Saturday, 14. November 2009 von Mercedes

British Airways’ pension fund deficit could yet scupper its planned merger with Spain’s Iberia, as the UK airline still has to agree the size of the multi-billion pound shortfall with the fund’s trustees.

Iberia, which on Friday posted a bigger than expected nine-month operating loss, agreed with BA on Thursday to create a group with a combined market value of $7 billion as they continue to battle the worst industry downturn in decades.

But BA’s pension deficit was one of the main stumbling blocks in the 16-month merger talks and was a key negotiating point for Iberia, which is reserving the right to back out of the deal if the funding hole turns out to be bigger than the 3 billion pounds ($5 billion) which analysts have forecast.

BA pension trustees undertook a triennial review of the pension scheme earlier this year but the results have yet to be announced, with BA saying it expects to agree a figure with the trustees in the next two to three months.

“The market will be looking at the discount rate used by BA’s trustees to calculate its pension liabilities. You’d expect them to use a favorable one to help push the deal through though, especially since the deficit is bigger than its market value right now” a London-based analyst said.

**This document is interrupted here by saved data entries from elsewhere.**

lemma borel_measurable_indicator_regressors:
  "d \<in> {0, 1} \<Longrightarrow> (\<lambda>\<omega>. indicator (event_D d) \<omega> * regressors d \<omega> $ i) \<in> borel_measurable M"
  using measurable_from_subalg[OF subalgebra_F_ZW regressors_F_ZW] sets_event_D
  by (intro borel_measurable_times borel_measurable_indicator) auto

lemma square_integrable_indicator_regressors:
  assumes d: "d \<in> {0, 1}"
  shows "integrable M (\<lambda>\<omega>. (indicator (event_D d) \<omega> * regressors d \<omega> $ i)\<^sup>2)"
proof (cases i)
  case RConst
  then have "(\<lambda>\<omega>. (indicator (event_D d) \<omega> * regressors d \<omega> $ i)\<^sup>2) = indicator (event_D d)"
    by (simp add: fun_eq_iff indicator_def)
  then show ?thesis
    using sets_event_D[OF d] by (simp add: integrable_real_indicator less_top[symmetric])
next
  case (RCov k)
  then have "(\<lambda>\<omega>. (indicator (event_D d) \<omega> * regressors d \<omega> $ i)\<^sup>2)
      = (\<lambda>\<omega>. (W \<omega> $ k)\<^sup>2 * indicator (event_D d) \<omega>)"
    by (auto simp: fun_eq_iff split: split_indicator)
  then show ?thesis
    using integrable_real_mult_indicator[OF sets_event_D[OF d] W_sq[rule_format, of k]] by simp
next
  case RLam
  then have "(\<lambda>\<omega>. (indicator (event_D d) \<omega> * regressors d \<omega> $ i)\<^sup>2)
      = (\<lambda>\<omega>. indicator (event_D d) \<omega> * (lam h d (P \<omega>))\<^sup>2)"
    by (auto simp: fun_eq_iff split: split_indicator)
  then show ?thesis using lam_sq[rule_format, OF d] by simp
qed

lemma integrable_indicator_regressors_mult:
  assumes d: "d \<in> {0, 1}" and [measurable]: "f \<in> borel_measurable M" and f_sq: "integrable M (\<lambda>\<omega>. (f \<omega>)\<^sup>2)"
  shows "integrable M (\<lambda>\<omega>. indicator (event_D d) \<omega> * regressors d \<omega> $ i * f \<omega>)"
  by (rule integrable_mult_square_integrable[OF borel_measurable_indicator_regressors[OF d] _
        square_integrable_indicator_regressors[OF d] f_sq]) simp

“There’s still a risk that the deal will fall through. It’s all hanging on BA’s negotiating weight with the trustees over its pension,” a Madrid-based equities sales trader said.

By 1200 GMT Iberia’s shares were 2.4 percent lower at 2.16 euros, after Thursday’s 12 percent gain, while BA was 1.4 percent higher at 217.8 pence.

Some analysts said they were surprised that the terms of a deal had even been announced before the pension issue has been resolved faxless payday loan.

Analysts believe BA could insure all or part of its liabilities through a buy-out deal with a specialized insurer or hedge specific risks such as the longevity of pensioners through a swap deal or pledge contingent assets such as its real estate.

The new company will combine British Airways’ strong position in Europe-to-North America traffic with Iberia’s Latin American business, and will potentially be reinforced by a planned alliance with AMR Corp’s American Airlines.

So far the deal looks set to give BA shareholders 55 percent of the new company, effectively giving it control, but the balance of power remains in question and could shift in Iberia’s favor depending on the outcome of BA’s talks with trustees over its pension deficit.

The BA-Iberia format mirrors the ground-breaking 2004 merger of Air France and KLM, which airline industry executives describe as a back-office merger designed mainly to slash costs.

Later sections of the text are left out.